Nonetheless, SymPy should be able to solve zero dimensional polynomial systems
with full generality, using the Gröbner basis algorithm. Clearly, there are
some problems with this for numeric coefficients, which Mateusz will have to
look at (also computing Gröbner bases can be expensive in general, which
explains why it hangs, but I have noticed our implementation to be particularly
slow in many cases).
Aaron Meurer
On Oct 10, 2010, at 10:10 PM, smichr wrote:
> First of all, I would suggest that you solve the system symbollically
> and then substitute in values when you have a general solution.
>
> Then, I would recommend some human insight to overcome the less-than-
> optimal algorithm. :-)
>
> eq1 = y*2/(e*2 - a) - (x + e)**2/a + 1
> eq3 = y*2/(e*2 - c) - (x - e)**2/c + 1
>
> The equations 1 and 3 are linear in y, quadratic in x. If you start by
> solving eq1 for x and substituting into eq3 you get an equation of the
> form A + B*y+sqrt(C+E*y) which master cannot solve (but is solvable on
> my 1766 branch). That gets you off on the wrong path from start.
> Instead, try something like the following:
>
>>>> eq1
> 1 + 2*y/(-a + 2*e) - (e + x)**2/a
>>>> eq3
> 1 + 2*y/(-c + 2*e) - (x - e)**2/c
>
> Solve for the linear symbol:
>
>>>> ys = solve(eq1, y)[0]
>
> Substitute it into the other equation and keep only the numerator:
>
>>>> eq3.subs(y, ys).as_numer_denom()[0].expand()

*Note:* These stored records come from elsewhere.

lemma finite_grow_rules: "finite (grow_rules B d T p)"
  using finite_rules by (rule rev_finite_subset) (auto simp: grow_rules_def)

lemma finite_prunable: "finite (prunable T)"
  using finite_paths[of T] by (rule rev_finite_subset) (auto simp: prunable_def int_paths_def)

lemma finite_changeable: "finite (changeable B d T)"
  using finite_paths[of T] by (rule rev_finite_subset) (auto simp: changeable_def int_paths_def)

lemma finite_change_rules: "finite (change_rules B d T p)"
  using finite_rules by (rule rev_finite_subset) (auto simp: change_rules_def)

lemma finite_swap_pairs: "finite (swap_pairs B d T)"
  using finite_subset[of "swap_pairs B d T" "paths T \<times> UNIV"] finite_paths[of T]
  by (auto simp: swap_pairs_def int_paths_def)

lemma set_pmf_grow_prop:
  "set_pmf (grow_prop B d T) = (if growable B d T = {} then {T}
     else \<Union>p\<in>growable B d T. (\<lambda>\<rho>. replace T p (Node \<rho> Leaf Leaf)) ` grow_rules B d T p)"
proof (cases "growable B d T = {}")
  case False
  have "set_pmf (grow_prop B d T) = (\<Union>p\<in>growable B d T.
      set_pmf (map_pmf (\<lambda>\<rho>. replace T p (Node \<rho> Leaf Leaf)) (pmf_of_set (grow_rules B d T p))))"
    using False by (simp add: grow_prop_def finite_growable)
  also have "\<dots> = (\<Union>p\<in>growable B d T. (\<lambda>\<rho>. replace T p (Node \<rho> Leaf Leaf)) ` grow_rules B d T p)"
    by (intro SUP_cong refl) (simp add: finite_grow_rules growable_def)
  finally show ?thesis
    using False by simp
qed (simp add: grow_prop_def)
definition finite_labellings :: "'b set \<Rightarrow> ('i set \<times> ('i \<Rightarrow> 'b)) set" where
  "finite_labellings A = {x. finite (fst x) \<and> snd x ` fst x \<subseteq> A}"

lemma embeds_empty: "fst x = {} \<Longrightarrow> embeds P x y"
  unfolding embeds_def by simp

lemma embeds_subset_right: "embeds P x (T, snd y) \<Longrightarrow> T \<subseteq> fst y \<Longrightarrow> embeds P x y"
  unfolding embeds_def by auto

lemma embeds_insert:
  assumes "embeds P (fst x - {a}, snd x) (fst y - {b}, snd y)"
    and "a \<in> fst x" and "b \<in> fst y" and "P (snd x a) (snd y b)"
  shows "embeds P x y"
proof -
  obtain p where p: "inj_on p (fst x - {a})" "p ` (fst x - {a}) \<subseteq> fst y - {b}"
    "\<forall>i\<in>fst x - {a}. P (snd x i) (snd y (p i))"
    using assms(1) unfolding embeds_def by auto
  have "inj_on (p(a := b)) (fst x - {a})" using p(1) by (simp add: inj_on_def)
  moreover have "b \<notin> p(a := b) ` (fst x - {a})" using p(2) by auto
  ultimately have "inj_on (p(a := b)) (insert a (fst x - {a}))"
    unfolding inj_on_insert by simp
  then have "inj_on (p(a := b)) (fst x)" using insert_Diff[OF assms(2)] by metis
  moreover have "p(a := b) ` fst x \<subseteq> fst y" using p(2) assms(3) by auto
  moreover have "\<forall>i\<in>fst x. P (snd x i) (snd y ((p(a := b)) i))" using p(3) assms(4) by auto
  ultimately show ?thesis unfolding embeds_def by blast
qed

lemma shrink_tail_not_good:
  fixes f :: "nat \<Rightarrow> 'i set \<times> ('i \<Rightarrow> 'b)" and \<phi> :: "nat \<Rightarrow> nat"
  assumes f_bad: "\<And>i j. i < j \<Longrightarrow> \<not> embeds P (f i) (f j)"
    and a: "\<And>n. a n \<in> fst (f n)" and \<phi>: "strict_mono \<phi>"
    and labels: "\<And>i j. i < j \<Longrightarrow> P (snd (f (\<phi> i)) (a (\<phi> i))) (snd (f (\<phi> j)) (a (\<phi> j)))"
  shows "\<not> good (embeds P) (\<lambda>k. if k < \<phi> 0 then f k
    else (fst (f (\<phi> (k - \<phi> 0))) - {a (\<phi> (k - \<phi> 0))}, snd (f (\<phi> (k - \<phi> 0)))))"
    (is "\<not> good _ ?h")
proof
  define shrink where "shrink n = (fst (f n) - {a n}, snd (f n))" for n
  assume "good (embeds P) ?h"
  then obtain i j where ij: "i < j" "embeds P (?h i) (?h j)" unfolding good_def by blast
  have \<phi>_ge: "\<phi> 0 \<le> \<phi> k" for k
    using \<phi> by (simp add: strict_mono_less_eq)
  consider "j < \<phi> 0" | "i < \<phi> 0" "\<phi> 0 \<le> j" | "\<phi> 0 \<le> i" using ij(1) by linarith
  then show False
  proof cases
    case 1
    then have "embeds P (f i) (f j)" using ij by simp
    then show False using f_bad ij(1) by blast
  next
    case 2
    then have "embeds P (f i) (shrink (\<phi> (j - \<phi> 0)))" using ij(2) by (simp add: shrink_def)
    then have "embeds P (f i) (f (\<phi> (j - \<phi> 0)))"
      unfolding shrink_def by (rule embeds_subset_right) auto
    moreover have "i < \<phi> (j - \<phi> 0)" using 2 \<phi>_ge by (meson less_le_trans)
    ultimately show False using f_bad by blast
  next
    case 3
    define i' j' where "i' = \<phi> (i - \<phi> 0)" and "j' = \<phi> (j - \<phi> 0)"
    have "i - \<phi> 0 < j - \<phi> 0" using 3 ij(1) by linarith
    then have "i' < j'" and labels': "P (snd (f i') (a i')) (snd (f j') (a j'))"
      unfolding i'_def j'_def using \<phi> by (auto intro: strict_monoD labels)
    have "embeds P (shrink i') (shrink j')"
      using 3 ij by (simp add: shrink_def i'_def j'_def)
    then have "embeds P (f i') (f j')"
      unfolding shrink_def
      by (rule embeds_insert[of P "f i'" "a i'" "f j'" "a j'", OF _ a a labels'])
    then show False using f_bad \<open>i' < j'\<close> by blast
  qed
qed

> -4*a*c*e*x + c*a**2 - a*c**2 - 2*a*e*x**2 + 2*c*e*x**2 + 4*a*x*e**2 +
> 4*c*x*e**2 - 2*a*e**3 + 2*c*e**3
>
> Solve it for x:
>
>>>> xs=solve(_, x)
>
> Define your replacements:
>
>>>> r1=dict(
> ... a = ((a2 - c2)/2)**2,
> ... b = ((b2 - c2)/2)**2,
> ... c = ((d2 - c2)/2)**2,
> ... e = e2/2 )
>>>> r2=dict(
> ... a2 = 5.10125066033543,
> ... b2 = 1.844025414703168,
> ... c2 = 2.303750131640994,
> ... d2 = 0,
> ... e2 = 3)
>
> Now calculate your solutions and print the results, checking (to 3 sig
> digits and dropping "small" residuals) that they satisfy the original
> equation; also use a formatting string to make the numbers more tidy:
>
>
>>>> for xi in xs:
> ... xi = xi.subs(r1).subs(r2).n()
> ... yi = ys.subs(r1).subs(r2).subs(x, xi).n()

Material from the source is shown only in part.